» Problem statement
Below are lines of data; restate word for word those running from the line containing "for zg ag rg z b s" to the line containing "(ginv g) a)", inclusive, and no others.

*** Data records Section Begins ***

lemma Re_lin_act_quotient_pos:
  assumes "(zg, ag, rg) \<in> Lt" "(z, b, s) \<in> Lt"
  shows "0 < Re (snd (lin_act (zg, ag, rg) (z, of_real s * cis b)) / (of_real (rg * s) * cis (ag + b)))"
proof -
  define q where "q = cnj zg * z / (of_real (rg * s) * cis (ag + b))"
  have "rg * s \<noteq> 0" using assms by (simp add: Lt_iff)
  then have eq: "snd (lin_act (zg, ag, rg) (z, of_real s * cis b)) / (of_real (rg * s) * cis (ag + b)) = 1 + q"
    by (simp add: q_def lin_act_def field_simps cis_mult[symmetric])
  have "cmod q = cmod zg * cmod z / (rg * s)"
    using assms by (simp add: q_def Lt_iff norm_mult norm_divide)
  also have "\<dots> < 1"
    using assms by (simp add: Lt_iff mult_strict_mono)
  finally have "- Re q < 1"
    using abs_Re_le_cmod[of q] by linarith
  then show ?thesis
    unfolding eq by simp
qed

lemma tact_ginv_tact:
  assumes "g \<in> Gt" "a \<in> Lt"
  shows "tact (ginv g) (tact g a) = a"
proof -
  obtain zg ag rg where g: "g = (zg, ag, rg)" by (cases g)
  obtain z b s where a: "a = (z, b, s)" by (cases a)
  obtain z' v' where zv: "lin_act g (proj a) = (z', v')" by (cases "lin_act g (proj a)")
  define q where "q = v' / (of_real (rg * s) * cis (ag + b))"
  define th where "th = ag + b + Arg q"
  have rs: "0 < rg" "0 < s"
    using assms g a by (simp_all add: Gt_iff Lt_iff)
  have ta: "tact g a = (z', th, cmod v')"
    using zv by (simp add: g a tact_Pair th_def q_def)
  then have v': "of_real (cmod v') * cis th = v'"
    using proj_tact[OF assms] zv by simp
  have recover: "lin_act (ginv g) (z', v') = (z, of_real s * cis b)"
    using lin_act_ginv[OF assms(1), of "proj a"] zv a by simp
  have "0 < Re q"
    using Re_lin_act_quotient_pos[of zg ag rg z b s] assms g a zv Gt_subset_Lt by (auto simp: q_def)
  then have "Arg (inverse q / of_real (rg\<^sup>2)) = - Arg q"
    using rs by (intro Arg_inverse_divide_of_real) auto
  moreover have "of_real s * cis b / (of_real (rg * cmod v') * cis (- ag + th)) = inverse q / of_real (rg\<^sup>2)"
  proof -
    have "of_real (rg * cmod v') * cis (- ag + th) = of_real rg * cis (- ag) * (of_real (cmod v') * cis th)"
      unfolding cis_mult[symmetric] by (simp add: mult_ac)
    then have "of_real (rg * cmod v') * cis (- ag + th) = of_real rg * cis (- ag) * v'"
      by (simp only: v')
    moreover have "cis (- ag) * cis (ag + b) = cis b"
      by (simp add: cis_mult)
    moreover have "v' \<noteq> 0"
      using v' \<open>0 < Re q\<close> q_def by auto
    ultimately show ?thesis
      using rs by (simp add: q_def field_simps power2_eq_square)
  qed
  ultimately have "- ag + th + Arg (of_real s * cis b / (of_real (rg * cmod v') * cis (- ag + th))) = b"
    by (simp add: th_def)
  then have "tact (ginv g) (z', th, cmod v') = a"
    using recover v' rs by (simp add: g a tact_Pair norm_mult del: of_real_mult)
  then show ?thesis
    using ta by simp
qed

lemma continuous_on_tact: "continuous_on (Lt \<times> Lt) (\<lambda>p. tact (fst p) (snd p))"
proof -
  have "(cnj zg * z + of_real rg * cnj (cis (- ag)) * (of_real s * cis b)) /
          (of_real rg * of_real s * cis (ag + b)) \<notin> \<real>\<^sub>\<le>\<^sub>0"
    if "(zg, ag, rg) \<in> Lt" "(z, b, s) \<in> Lt" for zg ag rg z b s
    using Re_lin_act_quotient_pos[OF that]
    by (simp add: lin_act_def cis_cnj complex_nonpos_Reals_iff)
  then show ?thesis
    unfolding tact_def Let_def case_prod_beta
    by (intro continuous_intros) (auto simp: Lt_iff)
qed

lemma continuous_on_tact_ginv: "continuous_on (Lt \<times> Lt) (\<lambda>p. tact (ginv (fst p)) (snd p))"
proof -
  have "continuous_on (Lt \<times> Lt) (\<lambda>p. (ginv (fst p), snd p))"
    unfolding ginv_def case_prod_beta by (intro continuous_intros)
  moreover have "(\<lambda>p. (ginv (fst p), snd p)) ` (Lt \<times> Lt) \<subseteq> Lt \<times> Lt"
    by (auto simp: ginv_def Lt_iff)
  ultimately show ?thesis
    using continuous_on_compose2[OF continuous_on_tact] by fastforce
qed

lemma homeomorphism_tact:
  assumes "g \<in> Gt"
  shows "homeomorphism Lt Lt (tact g) (tact (ginv g))"
proof -
  have cont: "continuous_on Lt (tact h)" if "h \<in> Gt" for h
  proof -
    have "continuous_on Lt ((\<lambda>p. tact (fst p) (snd p)) \<circ> Pair h)"
      using that Gt_subset_Lt
      by (intro continuous_on_compose continuous_intros continuous_on_subset[OF continuous_on_tact]) auto
    then show ?thesis
      by (simp add: o_def)
  qed
  have inv: "tact g (tact (ginv g) a) = a" if "a \<in> Lt" for a
    using tact_ginv_tact[OF ginv_Gt[OF assms] that] by simp
  show ?thesis
  proof (rule homeomorphismI)
    show "continuous_on Lt (tact g)" "continuous_on Lt (tact (ginv g))"
      using assms ginv_Gt by (simp_all add: cont)
    show "tact g ` Lt \<subseteq> Lt" "tact (ginv g) ` Lt \<subseteq> Lt"
      using assms ginv_Gt tact_in_Lt by blast+
  qed (simp_all add: assms tact_ginv_tact inv)
qed

lemma tact_unitG: "g \<in> Lt \<Longrightarrow> tact g unitG = g"
  by (cases g) (simp add: unitG_def tact_Pair lin_act_def Lt_iff norm_mult)

lemma tact_ginv_eq_unitG_iff:
  assumes "g \<in> Gt" "h \<in> Lt"
  shows "tact (ginv g) h = unitG \<longleftrightarrow> h = g"
proof -
  have "g \<in> Lt" "unitG \<in> Lt"
    using assms(1) unitG_Gt Gt_subset_Lt by blast+
  then have "tact g unitG = g" "tact (ginv g) g = unitG"
    using tact_unitG tact_ginv_tact[OF assms(1)] by metis+
  moreover have "tact g (tact (ginv g) h) = h"
    using homeomorphism_apply2[OF homeomorphism_tact[OF assms(1)] assms(2)] .
  ultimately show ?thesis
    by metis
qed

*** Data records Section Ends ***

» Written response
    if "(zg, ag, rg) \<in> Lt" "(z, b, s) \<in> Lt" for zg ag rg z b s
    using Re_lin_act_quotient_pos[OF that]
    by (simp add: lin_act_def cis_cnj complex_nonpos_Reals_iff)
  then show ?thesis
    unfolding tact_def Let_def case_prod_beta
    by (intro continuous_intros) (auto simp: Lt_iff)
qed

lemma continuous_on_tact_ginv: "continuous_on (Lt \<times> Lt) (\<lambda>p. tact (ginv (fst p)) (snd p))"
proof -
  have "continuous_on (Lt \<times> Lt) (\<lambda>p. (ginv (fst p), snd p))"
    unfolding ginv_def case_prod_beta by (intro continuous_intros)
  moreover have "(\<lambda>p. (ginv (fst p), snd p)) ` (Lt \<times> Lt) \<subseteq> Lt \<times> Lt"
    by (auto simp: ginv_def Lt_iff)
  ultimately show ?thesis
    using continuous_on_compose2[OF continuous_on_tact] by fastforce
qed

lemma homeomorphism_tact:
  assumes "g \<in> Gt"
  shows "homeomorphism Lt Lt (tact g) (tact (ginv g))"
proof -
  have cont: "continuous_on Lt (tact h)" if "h \<in> Gt" for h
  proof -
    have "continuous_on Lt ((\<lambda>p. tact (fst p) (snd p)) \<circ> Pair h)"
      using that Gt_subset_Lt
      by (intro continuous_on_compose continuous_intros continuous_on_subset[OF continuous_on_tact]) auto
    then show ?thesis
      by (simp add: o_def)
  qed
  have inv: "tact g (tact (ginv g) a) = a" if "a \<in> Lt" for a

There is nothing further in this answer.